■ Available data
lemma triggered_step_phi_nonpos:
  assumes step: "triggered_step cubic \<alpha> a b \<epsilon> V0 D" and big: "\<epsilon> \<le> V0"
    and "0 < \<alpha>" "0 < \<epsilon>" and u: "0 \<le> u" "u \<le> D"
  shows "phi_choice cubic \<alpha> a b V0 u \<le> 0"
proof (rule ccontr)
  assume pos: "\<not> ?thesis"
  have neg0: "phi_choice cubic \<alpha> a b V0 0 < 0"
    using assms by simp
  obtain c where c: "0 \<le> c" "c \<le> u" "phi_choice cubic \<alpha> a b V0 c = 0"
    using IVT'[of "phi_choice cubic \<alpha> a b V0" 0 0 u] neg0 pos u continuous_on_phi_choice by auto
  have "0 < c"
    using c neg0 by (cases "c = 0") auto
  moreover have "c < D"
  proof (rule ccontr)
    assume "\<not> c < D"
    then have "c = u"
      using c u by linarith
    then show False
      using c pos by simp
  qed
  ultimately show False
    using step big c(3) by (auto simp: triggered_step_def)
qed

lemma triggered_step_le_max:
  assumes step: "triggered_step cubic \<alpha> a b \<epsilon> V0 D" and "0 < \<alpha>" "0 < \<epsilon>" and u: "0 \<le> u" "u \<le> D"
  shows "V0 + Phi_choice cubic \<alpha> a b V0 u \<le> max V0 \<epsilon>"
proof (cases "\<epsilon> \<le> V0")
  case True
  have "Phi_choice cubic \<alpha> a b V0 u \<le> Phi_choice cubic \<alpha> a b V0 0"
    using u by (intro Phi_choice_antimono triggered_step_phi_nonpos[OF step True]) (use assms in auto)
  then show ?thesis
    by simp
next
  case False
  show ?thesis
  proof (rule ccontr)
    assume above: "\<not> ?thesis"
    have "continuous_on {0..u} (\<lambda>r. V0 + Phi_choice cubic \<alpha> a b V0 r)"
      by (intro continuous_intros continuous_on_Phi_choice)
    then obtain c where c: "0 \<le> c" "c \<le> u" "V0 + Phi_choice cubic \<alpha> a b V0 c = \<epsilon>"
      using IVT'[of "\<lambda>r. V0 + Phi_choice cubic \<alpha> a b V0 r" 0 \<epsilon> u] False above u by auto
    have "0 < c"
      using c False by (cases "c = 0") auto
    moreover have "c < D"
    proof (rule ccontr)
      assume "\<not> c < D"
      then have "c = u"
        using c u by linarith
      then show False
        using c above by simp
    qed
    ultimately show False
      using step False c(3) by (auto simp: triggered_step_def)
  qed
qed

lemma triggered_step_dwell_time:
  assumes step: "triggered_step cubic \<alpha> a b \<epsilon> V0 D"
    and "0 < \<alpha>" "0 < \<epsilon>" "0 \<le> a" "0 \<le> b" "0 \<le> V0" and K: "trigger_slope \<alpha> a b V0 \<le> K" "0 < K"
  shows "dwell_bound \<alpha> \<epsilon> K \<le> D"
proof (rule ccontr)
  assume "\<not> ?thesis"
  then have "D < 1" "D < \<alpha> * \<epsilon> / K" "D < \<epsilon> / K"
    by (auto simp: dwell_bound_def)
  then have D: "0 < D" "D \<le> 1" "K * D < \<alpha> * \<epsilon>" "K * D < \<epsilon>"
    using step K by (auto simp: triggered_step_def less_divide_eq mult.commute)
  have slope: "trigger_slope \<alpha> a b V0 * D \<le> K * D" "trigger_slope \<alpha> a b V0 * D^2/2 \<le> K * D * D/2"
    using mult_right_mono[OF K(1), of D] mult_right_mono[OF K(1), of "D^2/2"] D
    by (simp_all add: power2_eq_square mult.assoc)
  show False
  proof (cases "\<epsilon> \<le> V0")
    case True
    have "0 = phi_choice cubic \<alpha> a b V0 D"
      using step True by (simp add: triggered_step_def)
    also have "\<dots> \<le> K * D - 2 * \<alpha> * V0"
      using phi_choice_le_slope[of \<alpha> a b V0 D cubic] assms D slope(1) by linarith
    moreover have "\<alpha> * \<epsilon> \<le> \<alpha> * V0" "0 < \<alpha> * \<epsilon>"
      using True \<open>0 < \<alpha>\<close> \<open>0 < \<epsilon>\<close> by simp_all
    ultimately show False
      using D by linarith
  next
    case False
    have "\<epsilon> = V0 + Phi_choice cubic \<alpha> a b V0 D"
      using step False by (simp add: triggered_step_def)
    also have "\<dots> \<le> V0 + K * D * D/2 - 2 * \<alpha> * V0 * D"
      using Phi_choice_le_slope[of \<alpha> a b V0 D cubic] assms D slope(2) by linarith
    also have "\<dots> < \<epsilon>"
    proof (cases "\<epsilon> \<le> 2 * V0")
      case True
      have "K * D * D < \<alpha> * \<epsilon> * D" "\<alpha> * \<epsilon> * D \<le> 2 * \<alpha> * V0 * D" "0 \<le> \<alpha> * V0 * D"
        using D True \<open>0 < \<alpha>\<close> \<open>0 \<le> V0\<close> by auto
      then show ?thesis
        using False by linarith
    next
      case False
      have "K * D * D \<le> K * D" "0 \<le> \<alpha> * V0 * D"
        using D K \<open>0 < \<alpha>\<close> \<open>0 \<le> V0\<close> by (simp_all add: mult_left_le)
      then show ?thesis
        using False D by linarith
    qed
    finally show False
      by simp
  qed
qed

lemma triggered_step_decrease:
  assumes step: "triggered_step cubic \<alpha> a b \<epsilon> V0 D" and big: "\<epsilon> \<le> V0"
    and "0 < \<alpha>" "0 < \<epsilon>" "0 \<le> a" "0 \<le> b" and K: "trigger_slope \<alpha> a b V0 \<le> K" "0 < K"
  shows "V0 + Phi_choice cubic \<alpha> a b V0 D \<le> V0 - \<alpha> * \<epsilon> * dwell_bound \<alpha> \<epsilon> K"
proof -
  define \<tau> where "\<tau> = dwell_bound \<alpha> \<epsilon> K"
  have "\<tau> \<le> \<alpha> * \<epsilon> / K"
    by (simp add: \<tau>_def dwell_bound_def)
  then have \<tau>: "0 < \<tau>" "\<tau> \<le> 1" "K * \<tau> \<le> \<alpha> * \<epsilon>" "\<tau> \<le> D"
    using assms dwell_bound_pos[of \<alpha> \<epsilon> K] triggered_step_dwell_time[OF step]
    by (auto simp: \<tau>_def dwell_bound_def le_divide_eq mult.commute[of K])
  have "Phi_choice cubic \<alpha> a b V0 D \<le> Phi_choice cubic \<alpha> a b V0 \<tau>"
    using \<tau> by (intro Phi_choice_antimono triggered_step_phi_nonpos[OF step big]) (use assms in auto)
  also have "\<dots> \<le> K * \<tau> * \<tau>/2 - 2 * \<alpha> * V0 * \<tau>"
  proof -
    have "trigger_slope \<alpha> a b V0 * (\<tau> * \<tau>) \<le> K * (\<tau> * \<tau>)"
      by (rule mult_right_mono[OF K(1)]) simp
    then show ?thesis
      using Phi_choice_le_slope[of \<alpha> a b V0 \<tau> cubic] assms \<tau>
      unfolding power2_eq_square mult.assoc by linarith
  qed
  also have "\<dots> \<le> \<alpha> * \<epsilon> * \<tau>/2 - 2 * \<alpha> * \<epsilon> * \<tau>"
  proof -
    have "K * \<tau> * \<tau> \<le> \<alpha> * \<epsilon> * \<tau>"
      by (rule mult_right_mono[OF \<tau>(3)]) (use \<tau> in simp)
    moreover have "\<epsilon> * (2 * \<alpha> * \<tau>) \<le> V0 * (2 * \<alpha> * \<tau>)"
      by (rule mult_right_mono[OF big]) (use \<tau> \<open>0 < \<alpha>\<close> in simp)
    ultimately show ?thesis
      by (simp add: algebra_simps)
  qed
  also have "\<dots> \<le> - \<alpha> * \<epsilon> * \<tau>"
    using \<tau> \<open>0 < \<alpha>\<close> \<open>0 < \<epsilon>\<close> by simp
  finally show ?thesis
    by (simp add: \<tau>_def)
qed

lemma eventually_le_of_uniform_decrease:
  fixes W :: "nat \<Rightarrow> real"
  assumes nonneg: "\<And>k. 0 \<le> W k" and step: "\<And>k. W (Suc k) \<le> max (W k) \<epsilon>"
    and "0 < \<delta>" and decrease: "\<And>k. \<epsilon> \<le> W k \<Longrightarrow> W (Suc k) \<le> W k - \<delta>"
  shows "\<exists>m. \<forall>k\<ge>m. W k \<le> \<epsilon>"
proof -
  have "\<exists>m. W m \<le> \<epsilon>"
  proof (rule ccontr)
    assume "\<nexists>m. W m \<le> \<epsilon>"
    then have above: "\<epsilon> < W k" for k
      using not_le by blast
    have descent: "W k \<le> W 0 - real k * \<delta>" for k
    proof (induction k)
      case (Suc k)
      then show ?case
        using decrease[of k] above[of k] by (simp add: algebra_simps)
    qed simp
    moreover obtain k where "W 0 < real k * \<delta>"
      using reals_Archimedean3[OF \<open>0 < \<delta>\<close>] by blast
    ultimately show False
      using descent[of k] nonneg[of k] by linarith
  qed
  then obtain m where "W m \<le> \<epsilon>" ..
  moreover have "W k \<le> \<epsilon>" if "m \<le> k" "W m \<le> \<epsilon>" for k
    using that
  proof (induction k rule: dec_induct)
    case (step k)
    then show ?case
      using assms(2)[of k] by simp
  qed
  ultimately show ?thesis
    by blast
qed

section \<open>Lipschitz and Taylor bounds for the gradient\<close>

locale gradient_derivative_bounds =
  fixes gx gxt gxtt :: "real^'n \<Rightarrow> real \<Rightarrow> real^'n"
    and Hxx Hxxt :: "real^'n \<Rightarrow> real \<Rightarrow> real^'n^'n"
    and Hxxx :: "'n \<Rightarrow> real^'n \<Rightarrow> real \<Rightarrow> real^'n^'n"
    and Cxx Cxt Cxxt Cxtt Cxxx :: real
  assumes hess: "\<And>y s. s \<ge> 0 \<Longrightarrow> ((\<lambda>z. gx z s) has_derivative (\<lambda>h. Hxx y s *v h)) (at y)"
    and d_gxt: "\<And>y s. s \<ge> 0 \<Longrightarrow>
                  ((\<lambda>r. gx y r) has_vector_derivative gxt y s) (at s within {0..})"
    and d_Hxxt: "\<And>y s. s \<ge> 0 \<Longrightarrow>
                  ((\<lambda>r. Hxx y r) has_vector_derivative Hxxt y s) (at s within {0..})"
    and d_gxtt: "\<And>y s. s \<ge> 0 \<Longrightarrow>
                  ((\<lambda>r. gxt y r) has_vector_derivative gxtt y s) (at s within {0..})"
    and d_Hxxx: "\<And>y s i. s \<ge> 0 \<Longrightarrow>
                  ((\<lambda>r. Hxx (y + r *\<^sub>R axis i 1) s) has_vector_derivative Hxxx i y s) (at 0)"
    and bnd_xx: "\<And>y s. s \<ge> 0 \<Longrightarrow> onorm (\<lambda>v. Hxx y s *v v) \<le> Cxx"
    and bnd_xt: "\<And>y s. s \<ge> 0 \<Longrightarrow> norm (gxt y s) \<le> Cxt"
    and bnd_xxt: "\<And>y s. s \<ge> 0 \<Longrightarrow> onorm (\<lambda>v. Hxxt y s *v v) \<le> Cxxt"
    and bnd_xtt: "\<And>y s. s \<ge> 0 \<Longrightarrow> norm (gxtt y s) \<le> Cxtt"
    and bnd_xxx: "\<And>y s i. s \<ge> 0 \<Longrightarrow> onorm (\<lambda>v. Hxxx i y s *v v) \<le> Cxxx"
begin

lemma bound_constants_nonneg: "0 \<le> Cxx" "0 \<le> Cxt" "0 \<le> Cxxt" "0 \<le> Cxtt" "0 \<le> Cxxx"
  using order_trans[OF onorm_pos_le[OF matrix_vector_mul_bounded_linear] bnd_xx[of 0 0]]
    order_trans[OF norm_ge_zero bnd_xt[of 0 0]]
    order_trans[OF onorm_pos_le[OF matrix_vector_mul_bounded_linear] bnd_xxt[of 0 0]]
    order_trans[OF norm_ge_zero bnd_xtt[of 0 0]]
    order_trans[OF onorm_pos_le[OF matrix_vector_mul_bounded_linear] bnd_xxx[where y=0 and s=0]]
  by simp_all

■ Assignment
Could you repeat exactly the lines above from the line with "fixes gx gxt" up to and including the line with "(\<lambda>v. Hxx y", and only those?

■ Written solution
  fixes gx gxt gxtt :: "real^'n \<Rightarrow> real \<Rightarrow> real^'n"
    and Hxx Hxxt :: "real^'n \<Rightarrow> real \<Rightarrow> real^'n^'n"
    and Hxxx :: "'n \<Rightarrow> real^'n \<Rightarrow> real \<Rightarrow> real^'n^'n"
    and Cxx Cxt Cxxt Cxtt Cxxx :: real
  assumes hess: "\<And>y s. s \<ge> 0 \<Longrightarrow> ((\<lambda>z. gx z s) has_derivative (\<lambda>h. Hxx y s *v h)) (at y)"
    and d_gxt: "\<And>y s. s \<ge> 0 \<Longrightarrow>
                  ((\<lambda>r. gx y r) has_vector_derivative gxt y s) (at s within {0..})"
    and d_Hxxt: "\<And>y s. s \<ge> 0 \<Longrightarrow>
                  ((\<lambda>r. Hxx y r) has_vector_derivative Hxxt y s) (at s within {0..})"
    and d_gxtt: "\<And>y s. s \<ge> 0 \<Longrightarrow>
                  ((\<lambda>r. gxt y r) has_vector_derivative gxtt y s) (at s within {0..})"
    and d_Hxxx: "\<And>y s i. s \<ge> 0 \<Longrightarrow>
                  ((\<lambda>r. Hxx (y + r *\<^sub>R axis i 1) s) has_vector_derivative Hxxx i y s) (at 0)"
    and bnd_xx: "\<And>y s. s \<ge> 0 \<Longrightarrow> onorm (\<lambda>v. Hxx y s *v v) \<le> Cxx"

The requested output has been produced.